1. Understanding the Radian: A Natural Unit
1.1 What is a Radian?
In school, you learned that a full turn is \(360^\circ\). But why 360? It’s a historical choice (it divides nicely). Mathematicians prefer a unit based on the geometry of the circle itself: the Radian.
Definition of One Radian (1 rad)
One radian is the angle subtended at the centre of a circle when the arc length \(s\) is exactly equal to the radius \(r\) of the circle.
Imagine taking a piece of string exactly the length of the radius and laying it along the curve of the circle's edge. The angle you make by drawing lines from the centre to the ends of that string is 1 radian.

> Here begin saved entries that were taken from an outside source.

(* For every $n\ge4$, $\operatorname{sdim}(K_{n-3}+\epsilon_3)=n-1$.
   Context: $\epsilon_3$ is the graph with three vertices and no edges; $K_{n-3}+\epsilon_3$ is obtained from disjoint copies of $K_{n-3}$ and $\epsilon_3$ by adding all edges between them. A unit-distance embedding of a graph $G$ in $\mathbb{R}^n$ is an injective map $f$ from the vertex set of $G$ to $\mathbb{R}^n$ such that $|f(u)-f(v)|=1$ for every edge $uv$ and no point $f(w)$ lies on the segment $[f(u),f(v)]$ for an edge $uv$ with $w\notin\{u,v\}$. $G$ admits a spherical embedding of dimension $k$ and radius $r$ if $G$ has a unit-distance embedding in $\mathbb{R}^k$ all of whose vertices lie on a sphere $\{x\in\mathbb{R}^k:|x-c|=r\}$. $\operatorname{sdim}G$ is the least $k$ such that $G$ admits a spherical embedding of dimension $k$ and some radius $r<1$. *)

theory Defs
  imports Complex_Main
begin

text \<open>Points of R^k are represented as functions nat => real vanishing outside {..<k}.\<close>

definition in_Rk :: "nat \<Rightarrow> (nat \<Rightarrow> real) \<Rightarrow> bool" where
  "in_Rk k x \<longleftrightarrow> (\<forall>i\<ge>k. x i = 0)"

The Key Relationship: Radians vs. Degrees
The circumference of a circle is \(C = 2\pi r\). Since the angle for a full turn is measured by how many radii fit around the circle, we have the core relationship:
\(360^\circ = 2\pi\) radians
This means that:
\(180^\circ = \pi\) radians
Converting Between Radians and Degrees
We use the relationship \(180^\circ = \pi\) radians to create simple conversion factors:
-
To convert Degrees to Radians: Multiply the degrees by \(\frac{\pi}{180}\).
Example: \(90^\circ = 90 \times \frac{\pi}{180} = \frac{\pi}{2}\) rad. -
To convert Radians to Degrees: Multiply the radians by \(\frac{180}{\pi}\).
Example: \(\frac{\pi}{3}\) rad \( = \frac{\pi}{3} \times \frac{180}{\pi} = 60^\circ\).
! CRITICAL WARNING !
When solving trigonometry problems involving circular measure, ensure your calculator is set to Radian Mode. Using degrees in a radian problem is the most common mistake students make in this chapter!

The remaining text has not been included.